Palestinians have argued that the road, which separates Israeli and Palestinian vehicular traffic, does not mitigate the harm caused by the E1 project. Israel sees the project as essential to the preservation of a united Jerusalem. Ma’aleh Adumim maintains that construction in the area is critical for the city’s future.
Palestinians and the international community have argued that E1 makes their future state noncontiguous and therefore unviable.
On Tuesday, Erekat published a map of the project and warned that it would “ultimately prevent Palestinian access from the southern part of the West Bank toward Jericho and the Jordan Valley to the east.”
He said east Jerusalem “is one critical area for Palestinian natural growth and economic development. Israel’s entire colonial project on the eastern gateway to Jerusalem will severely impact Palestinian aspirations for a socioeconomically viable capital in Jerusalem.”
Erekat and the PA maintain that a two-state solution must be enacted according to the pre-1967 lines, a move that would place east Jerusalem and all of the Ma’aleh Adumim bloc within the boundaries of a Palestinian state.

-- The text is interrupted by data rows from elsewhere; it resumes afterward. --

lemma tuples_Delta_head:
  assumes "infinite R" "1 \<le> n" "z \<in> tuples_Delta R n \<Delta>"
  obtains y where "y \<in> R" "rsig R \<Delta> y \<le> z 1" "\<forall>i\<in>{2..n}. z i \<le> y"
proof (cases "n = 1")
  case True
  have "(LEAST x. x \<in> R) \<in> R"
    using assms(1) by (metis LeastI finite.emptyI ex_in_conv)
  then show thesis
    using that assms(3) True unfolding tuples_Delta_def by auto
next
  case False
  have "z 2 \<in> R" "rsig R \<Delta> (z 2) \<le> z 1"
    using tuples_DeltaD[OF assms(3), of 2] tuples_DeltaD(2)[OF assms(3), of 1] assms(2) False
    by (auto simp: numeral_2_eq_2)
  then show thesis
    using that tuples_Delta_antimono[OF assms(1,3), of 2] by auto
qed

lemma tuple_apply_head_tail:
  assumes "1 \<le> n"
  shows "tuple_apply R n As z = op_apply R (As 1) (z 1) + (\<Sum>i=2..n. op_apply R (As i) (z i))"
  using assms unfolding tuple_apply_def by (simp add: sum.atLeast_Suc_atMost numeral_2_eq_2)

lemma tuple_apply_tail_head_bounds:
  assumes inf: "infinite R" and "1 \<le> n" and z: "z \<in> tuples_Delta R n \<Delta>" and "K + m \<le> \<Delta>"
    and "0 \<le> C" and bound: "\<And>i w. i \<in> {2..n} \<Longrightarrow> \<bar>op_apply R (As i) w\<bar> \<le> C * int (rsig R m w)"
    and dom: "\<forall>w\<in>R. int M * int w < \<bar>op_apply R (As 1) (rsig R K w)\<bar>"
  obtains t where
    "\<bar>\<Sum>i=2..n. op_apply R (As i) (z i)\<bar> \<le> int (n - 1) * C * int t"
    "int M * int t < \<bar>op_apply R (As 1) (z 1)\<bar>"
proof -
  obtain y where y: "y \<in> R" "rsig R \<Delta> y \<le> z 1" and below: "\<forall>i\<in>{2..n}. z i \<le> y"
    using tuples_Delta_head[OF inf \<open>1 \<le> n\<close> z] by blast
  have z1: "z 1 \<in> R"
    using tuples_DeltaD(1)[OF z] \<open>1 \<le> n\<close> by simp
  have "rsig R (K + m) y \<le> z 1"
    using rsig_le_rsig[OF inf \<open>K + m \<le> \<Delta>\<close>] y(2) by (rule order.trans)
  then obtain w where w: "w \<in> R" "y \<le> w" "rsig R (K + m) w = z 1"
    using rsig_preimage[OF inf z1 y(1)] by blast
  show thesis
  proof
    have "\<bar>\<Sum>i=2..n. op_apply R (As i) (z i)\<bar> \<le> (\<Sum>i=2..n. \<bar>op_apply R (As i) (z i)\<bar>)"
      by (rule sum_abs)
    also have "\<dots> \<le> of_nat (card {2..n}) * (C * int (rsig R m y))"
    proof (rule sum_bounded_above)
      fix i assume i: "i \<in> {2..n}"
      have "C * int (rsig R m (z i)) \<le> C * int (rsig R m y)"
        using \<open>0 \<le> C\<close> rsig_mono[OF inf bspec[OF below i]] by (simp add: mult_left_mono)
      with bound[OF i, of "z i"] show "\<bar>op_apply R (As i) (z i)\<bar> \<le> C * int (rsig R m y)"
        by (rule order.trans)
    qed
    finally show "\<bar>\<Sum>i=2..n. op_apply R (As i) (z i)\<bar> \<le> int (n - 1) * C * int (rsig R m y)"
      by (simp add: mult.assoc)
  next
    have "int M * int (rsig R m y) \<le> int M * int (rsig R m w)"
      using rsig_mono[OF inf w(2)] by (simp add: mult_left_mono)
    also have "\<dots> < \<bar>op_apply R (As 1) (rsig R K (rsig R m w))\<bar>"
      using dom rsig_in[OF inf w(1)] by blast
    finally show "int M * int (rsig R m y) < \<bar>op_apply R (As 1) (z 1)\<bar>"
      using w(3) by (simp add: funpow_add)
  qed
qed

The Trump administration’s peace plan recognizes that most of east Jerusalem, except for the Arab neighborhoods on the other side of the barrier, are part of the State of Israel. It has also said Israel can annex all West Bank settlements, including Ma’aleh Adumim, and presumably E1.
The left-wing group Peace Now and the Meretz Party have rejected that plan in favor of a two-state solution at the pre-1967 lines. On Tuesday, Peace Now and Meretz leader Nitzan Horowitz visited the E1 area to speak against construction of the road.
The current government “has no mandate to act,” Horowitz told The Jerusalem Post, calling it “an interim government.”
“Defense Minister Bennett published a plan to build a road here that would actually disconnect the north and the south of the West Bank,” he said. “This will be the end of the chance to have an agreement with the Palestinians on the two-state solution [at the pre-1967 lines.] This road that the temporary defense minister is about to build is illegal and destructive for peace. It should be prevented.
“It is part of a bigger plan to build in the E1 area and in [east Jerusalem’s] Givat Hamatos [neighborhood]. The purpose behind it is to disconnect east Jerusalem from the rest of the West Bank. For the two-state solution to come true – to have an agreement with the Palestinians – Jerusalem must be part of the solution,” Horowitz said.